Hele Clinton gibi, siyaset birikimini kocasından tevarüs etmiş bir aday karşısında tutunamazdı.

Hadi diyelim ki Başkan oldu.

Bu şaşkın ve cahil haliyle bir de ülke mi yönetecekti! Gitsin inşaatlarıyla uğraşsındı!

İlginçtir, bu değerlendirmeler sadece Amerika’da değil, diğer ülkelerde de kabul görüyordu ve alaylı tebessümlerle karşılanan adaylığı Trump’ı biricik “mavra malzemesi” haline getiriyordu.
Söylenenler, esasında çok da yanlış değildi. Bir siyasetçide aranan özelliklere sahip bulunmayan Trump, seçildiğinde, aynı zamanda bir hayal kırıklığının adı olabilirdi ve nitekim öyle oldu.

Bugün “yönetemeyen”, daha doğrusu iktidarının ömrünü uzatabilmek için “yönetiyormuş gibi” yapan (“sen yönetiyormuş gibi yap, gerisini bize bırak” diyen “çete”nin izni çerçevesinde koltuğunda oturabilen) bir Başkan var Amerika’nın başında.

Ülkesinde ciddiye alınmıyor.

Esasında dünya tarafından ciddiye alınmıyor.

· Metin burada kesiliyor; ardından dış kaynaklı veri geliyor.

text \<open>Write \<open>\<Sigma>\<^sub>y\<close> as the product of the factors \<open>(-\<theta>)\<^bsup>\<eta>[a,b)\<^esup>\<close> over the intervals
  \<open>[a,b) = [y (2i-1), y (2i))\<close>. As these intervals are separated, a jump across the bond
  \<open>{x - 1, x}\<close> changes at most the one factor whose closed interval contains x. If the target
  of the jump lies in [a,b), the \<theta>-average of the annihilating and the coalescing outcome is
  \<open>(-\<theta>)\<close> to the number of particles on [a,b) enlarged by the source site, by the duality
  \<open>\<theta> (-\<theta>)\<^bsup>[s \<noteq> t]\<^esup> + (1 - \<theta>) (-\<theta>)\<^bsup>[s \<or> t]\<^esup> = (-\<theta>)\<^bsup>[s] + [t]\<^esup>\<close>; if only the source lies
  in [a,b), both outcomes just empty the source. Either way the result is the factor with its
  endpoint at x moved by one step, which is how the one-particle operator moves that coordinate
  of y.\<close>

definition occupation :: "config \<Rightarrow> int set \<Rightarrow> nat" where
  "occupation \<eta> K = (\<Sum>x\<in>K. if \<eta> x then 1 else 0)"

lemma cnt_eq_occupation: "cnt \<eta> a b = occupation \<eta> {a..<b}"
  by (simp add: cnt_def occupation_def)

lemma occupation_cong: "(\<And>z. z \<in> K \<Longrightarrow> \<eta> z = \<eta>' z) \<Longrightarrow> occupation \<eta> K = occupation \<eta>' K"
  unfolding occupation_def by (rule sum.cong) auto

lemma occupation_insert_remove:
  "finite K \<Longrightarrow> occupation \<eta> (insert u K) = (if \<eta> u then 1 else 0) + occupation \<eta> (K - {u})"
  unfolding occupation_def by (rule sum.insert_remove)

lemma occupation_remove_empty_site:
  assumes "finite K" "\<not> \<eta> u"
  shows "occupation \<eta> K = occupation \<eta> (K - {u})"
  using occupation_insert_remove[of "K - {u}" \<eta> u] assms
  by (cases "u \<in> K") (simp_all add: insert_absorb)

lemma occupation_jump_target_outside:
  assumes "finite K" "v \<notin> K" "u \<noteq> v"
  shows "occupation (etaA \<eta> u v) K = occupation \<eta> (K - {u})"
    and "occupation (etaC \<eta> u v) K = occupation \<eta> (K - {u})"
proof -
  have "occupation \<eta>' K = occupation \<eta> (K - {u})"
    if "\<eta>' = \<eta>(u := False, v := c)" for \<eta>' c
  proof -
    have "occupation \<eta>' K = occupation \<eta>' (K - {u})"
      using that assms(1,3) by (intro occupation_remove_empty_site) auto
    also have "\<dots> = occupation \<eta> (K - {u})"
      using that assms(2) by (intro occupation_cong) auto
    finally show ?thesis .
  qed
  then show "occupation (etaA \<eta> u v) K = occupation \<eta> (K - {u})"
    and "occupation (etaC \<eta> u v) K = occupation \<eta> (K - {u})"
    unfolding etaA_def etaC_def by blast+
qed

lemma pair_duality:
  fixes \<theta> :: real
  shows "\<theta> * (-\<theta>) ^ (if s \<noteq> t then 1 else 0) + (1 - \<theta>) * (-\<theta>) ^ (if s \<or> t then 1 else 0)
    = (-\<theta>) ^ ((if s then 1 else 0) + (if t then 1 else 0))"
  by (cases s; cases t) (simp_all add: power2_eq_square algebra_simps)

lemma occupation_jump_target_inside:
  fixes \<theta> :: real
  assumes "finite K" "v \<in> K" "u \<noteq> v"
  shows "\<theta> * (-\<theta>) ^ occupation (etaA \<eta> u v) K + (1 - \<theta>) * (-\<theta>) ^ occupation (etaC \<eta> u v) K
    = (-\<theta>) ^ occupation \<eta> (insert u K)"
proof -
  define r where "r = occupation \<eta> (K - {v} - {u})"
  have K: "K = insert v (K - {v})" using assms(2) by blast
  have "occupation (etaA \<eta> u v) K = (if \<eta> u \<noteq> \<eta> v then 1 else 0) + r"
    and "occupation (etaC \<eta> u v) K = (if \<eta> u \<or> \<eta> v then 1 else 0) + r"
    using assms occupation_jump_target_outside[of "K - {v}" v u \<eta>]
    by (subst K, simp add: occupation_insert_remove etaA_def etaC_def r_def)+
  moreover have "occupation \<eta> (insert u K) = ((if \<eta> u then 1 else 0) + (if \<eta> v then 1 else 0)) + r"
    using assms
    by (subst K) (simp add: occupation_insert_remove insert_Diff_if r_def Diff_insert2[symmetric] insert_commute)
  ultimately show ?thesis
    by (simp add: power_add pair_duality[of \<theta> "\<eta> u" "\<eta> v", symmetric] algebra_simps)
qed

Herkes de biliyor ki, iç ve dış politikayı belirleyen, büyük ölçüde Pentagon, CIA ve Dışişleri bürokrasisidir… Obama dönemindeki politikalar “ayniyle” devam ediyor. Türkiye’yle ilişkilerin ne olacağına, Suriye’de kimlerin destekleneceğine, hangi terör örgütlerine silah yollanacağına, Rusya’ya yönelik yaptırımların ne kadar devam edeceğine, Kuzey Kore ve İran meselesinin hangi gerilim skalasında tutulacağına “küreselciler” diye adlandırılan grup karar veriyor.

Bu nedenle, Trump’tan söz edenler, genellikle bir “tehdit”ten söz etmezler; daha doğrusu onu ve politikalarını (kendine mahsus çıkışlarını) bir tehdit olarak görmezler. Çünkü onu ciddiye almazlar.

Özellikle “bizimkiler…” AK Parti’li olduğunu söyleyen ama partilerinin başındaki gaileleri genellikle “sessizlikle” karşılayan bizim yerli zevat…

Kimi eski Cumhurbaşkanıdır, kimi eski Başbakandır, kimi milletvekilidir, kimi bürokrattır, kimi gazetecidir…

Trump arada sırada Kuzey Kore’ye ve Çin yönetimine (moda ifadesiyle) “gider” yapar, gülüp geçerler.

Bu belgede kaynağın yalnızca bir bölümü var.